In my quest to make my system sleepable, I found out on my last post that TPM chips can cause instability. Unfortunately, whilst this solved most issues, there were still times where when the display would turn off to save power, if I tried to turn it on again by moving the mouse, there would be nothing showing on the display!  Pressing the power button wouldn’t hibernate so…. the Reset button it is. Note that this wasn’t during or after sleep, it was by merely turning the display off due to inactivity.

Worse yet, there would be no logs indicating any issue leaving me dumbfounded as to why that would happen. Obviously, the fact that my display wouldn’t recognise any signal coming out of the VGA meant that this is a problem with the VGA itself. In most cases this is a driver issue, unless your VGA is dying of old age which was not the case here.

When it happened again, I tried to connect to it remotely from my other PC, but I’d still get a black screen. Remote administration tools would work, but not having configured rights wouldn’t allow me to have a gander at the logs for example. Then I suddenly managed to log on with VNC and then log on again normally.

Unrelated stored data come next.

lemma coherent_at_singleton:
  assumes "u \<alpha> = (\<lambda>n. {\<alpha>})" and "\<And>\<beta>. \<not> \<beta> < \<alpha>"
  shows "coherent_at u \<alpha>"
proof -
  have "{\<beta>. \<beta> \<le> \<alpha>} = {\<alpha>}"
    using assms(2) by (auto simp: order.order_iff_strict)
  moreover have "(\<lambda>n. 1 / real (n + 1)) \<longlonglongrightarrow> 0"
    using LIMSEQ_inverse_real_of_nat by (simp add: inverse_eq_divide)
  ultimately show ?thesis
    unfolding coherent_at_def by (simp add: assms(1))
qed

definition thin_from :: "(nat \<Rightarrow> nat \<Rightarrow> 'a set) \<Rightarrow> nat \<Rightarrow> nat \<Rightarrow> bool" where
  "thin_from v k N \<longleftrightarrow> (\<forall>n\<ge>N. (card (v k n) + 1) * (k + 1) \<le> n)"

fun stage :: "(nat \<Rightarrow> nat \<Rightarrow> 'a set) \<Rightarrow> nat \<Rightarrow> nat option" where
  "stage v 0 = None"
| "stage v (Suc n) = (case stage v n of
      None \<Rightarrow> if thin_from v 0 (Suc n) then Some 0 else None
    | Some k \<Rightarrow> if thin_from v (Suc k) (Suc n) \<and> v k (Suc n) \<subseteq> v (Suc k) (Suc n)
                then Some (Suc k) else Some k)"

definition glue :: "'a \<Rightarrow> (nat \<Rightarrow> nat \<Rightarrow> 'a set) \<Rightarrow> nat \<Rightarrow> 'a set" where
  "glue \<alpha> v n = (case stage v n of None \<Rightarrow> {\<alpha>} | Some k \<Rightarrow> insert \<alpha> (v k n))"

lemma thin_from_mono: "thin_from v k N \<Longrightarrow> N \<le> N' \<Longrightarrow> thin_from v k N'"
  unfolding thin_from_def by auto

lemma stage_Some_pos: "stage v n = Some k \<Longrightarrow> 1 \<le> n"
  by (cases n) auto

lemma stage_Suc_Some:
  "stage v n = Some k \<Longrightarrow> stage v (Suc n) = Some k \<or>
     stage v (Suc n) = Some (Suc k) \<and> v k (Suc n) \<subseteq> v (Suc k) (Suc n)"
  by auto

lemma stage_Some_thin_from: "stage v n = Some k \<Longrightarrow> thin_from v k n"
proof (induction n arbitrary: k)
  case (Suc n)
  show ?case
  proof (cases "stage v n")
    case None
    with Suc.prems show ?thesis by (auto split: if_splits)
  next
    case (Some j)
    with Suc.prems stage_Suc_Some[OF Some] have "k = j \<or> k = Suc j \<and> thin_from v k (Suc n)"
      by (auto split: if_splits)
    with thin_from_mono[OF Suc.IH[OF Some], of "Suc n"] show ?thesis
      by auto
  qed
qed simp

lemma stage_mono:
  assumes "stage v n = Some k" and "n \<le> m"
  shows "\<exists>k'\<ge>k. stage v m = Some k'"
  using \<open>n \<le> m\<close>
proof (induction m rule: dec_induct)
  case (step m)
  then obtain k' where "k \<le> k'" and "stage v m = Some k'"
    by blast
  with stage_Suc_Some[of v m k'] show ?case
    using le_SucI by blast
qed (use assms in blast)

lemma stage_unbounded:
  assumes thin: "\<And>k. \<exists>N. thin_from v k N"
    and subset: "\<And>k. \<forall>\<^sub>F n in sequentially. v k n \<subseteq> v (Suc k) n"
  shows "\<exists>n. \<exists>k\<ge>K. stage v n = Some k"
proof (induction K)
  case 0
  obtain N where "thin_from v 0 N"
    using thin by blast
  then have "thin_from v 0 (Suc N)"
    using thin_from_mono le_SucI by blast
  then have "stage v (Suc N) \<noteq> None"
    by (auto split: option.split)
  then show ?case
    by blast
next
  case (Suc K)
  then obtain n k where "K \<le> k" and nk: "stage v n = Some k"
    by blast
  show ?case
  proof (cases "Suc K \<le> k")
    case False
    then have "k = K"
      using \<open>K \<le> k\<close> by simp
    obtain N1 where N1: "thin_from v (Suc k) N1"
      using thin by blast
    obtain N2 where N2: "\<And>m. N2 \<le> m \<Longrightarrow> v k m \<subseteq> v (Suc k) m"
      using subset[of k] unfolding eventually_sequentially by blast
    define M where "M = max n (max N1 N2)"
    obtain j where "k \<le> j" and j: "stage v M = Some j"
      using stage_mono[OF nk, of M] unfolding M_def by auto
    have "thin_from v (Suc k) (Suc M)" and "v k (Suc M) \<subseteq> v (Suc k) (Suc M)"
      using thin_from_mono[OF N1] N2 unfolding M_def by auto
    then have "stage v (Suc M) = Some (Suc k) \<or> Suc k \<le> j"
      using j \<open>k \<le> j\<close> by (cases "j = k") auto
    then show ?thesis
      using \<open>k = K\<close> j by blast
  qed (use nk in blast)
qed

lemma stage_eventually_ge:
  assumes "\<And>k. \<exists>N. thin_from v k N"
    and "\<And>k. \<forall>\<^sub>F n in sequentially. v k n \<subseteq> v (Suc k) n"
  shows "\<forall>\<^sub>F n in sequentially. \<exists>k\<ge>K. stage v n = Some k"
proof -
  obtain n0 k0 where "K \<le> k0" and n0: "stage v n0 = Some k0"
    using stage_unbounded[of v K, OF assms] by blast
  have "\<exists>k\<ge>K. stage v n = Some k" if "n0 \<le> n" for n
    using stage_mono[OF n0 that] \<open>K \<le> k0\<close> le_trans by blast
  then show ?thesis
    unfolding eventually_sequentially by blast
qed

lemma card_glue_mult_le:
  assumes "stage v n = Some k"
  shows "card (glue \<alpha> v n) * (k + 1) \<le> n"
proof -
  have "card (glue \<alpha> v n) \<le> card (v k n) + 1"
    using assms by (cases "finite (v k n)") (auto simp: glue_def card_insert_if)
  then show ?thesis
    using stage_Some_thin_from[OF assms] unfolding thin_from_def
    by (meson le_refl le_trans mult_le_mono1)
qed

lemma card_glue_less: "1 \<le> n \<Longrightarrow> card (glue \<alpha> v n) < n + 1"
  using card_glue_mult_le[of v n _ \<alpha>]
  by (cases "stage v n") (auto simp: glue_def intro: le_trans[OF mult_le_mono2[of 1]])

lemma mem_glue_iff:
  "\<beta> \<in> glue \<alpha> v n \<longleftrightarrow> \<beta> = \<alpha> \<or> (\<exists>k. stage v n = Some k \<and> \<beta> \<in> v k n)"
  by (auto simp: glue_def split: option.split)

lemma finite_glue: "(\<And>k. finite (v k n)) \<Longrightarrow> finite (glue \<alpha> v n)"
  by (auto simp: glue_def split: option.split)

lemma glue_mono:
  assumes "\<And>k n. 1 \<le> n \<Longrightarrow> v k n \<subseteq> v k (Suc n)"
  shows "glue \<alpha> v n \<subseteq> glue \<alpha> v (Suc n)"
proof (cases "stage v n")
  case None
  then show ?thesis
    by (auto simp: glue_def split: option.split)
next
  case (Some k)
  have "v k n \<subseteq> v k (Suc n)"
    using assms stage_Some_pos[OF Some] .
  with stage_Suc_Some[OF Some] show ?thesis
    using Some by (auto simp: glue_def)
qed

Peering through the logs showed that what caused the black-out was that the VGA driver would crash right when the system was resuming. Incidentally, an application crashed at around the same time. Corsair Link.

Link is an application from Corsair that allows you to control the software parameters of many of its accessories, such as fan speeds and (god-awful) LED strips. It is a notoriously mediocre application that not only puts a constant 1-2% load on your system (that means that it’s occupying about 8-16% of one of your cores, constantly) but it cannot properly recognise different Corsair components. In my case I had an AX860i PSU which I bought with the VGA and an AiO cooler, the H110i GT model. The hardware components themselves are great, but they can’t work together because of the incredibly idiotic way their drivers are updated and implemented (see on Corsair’s forum for more details and a solution).

So what was happening is that when I was bringing the system out of the inactive state by moving the mouse of pressing a key on the keyboard, the Corsair application would attempt to perform a query on the nVidia driver which would fail with a permission error. This would cause the driver to crash and I would have to wait until it would be recovered.

Link is not completely useless however. You can run it, configure your fan speeds and other parameters and then shut it down and disable it from automatically starting when Windows starts. You can also use alternative utilities but I didn’t bother too much with them.

What’s more infuriating is that Corsair keeps releasing new versions of it which don’t even solve the most basic of issues, such as being able to recognise two supposedly mutually compatible hardware components.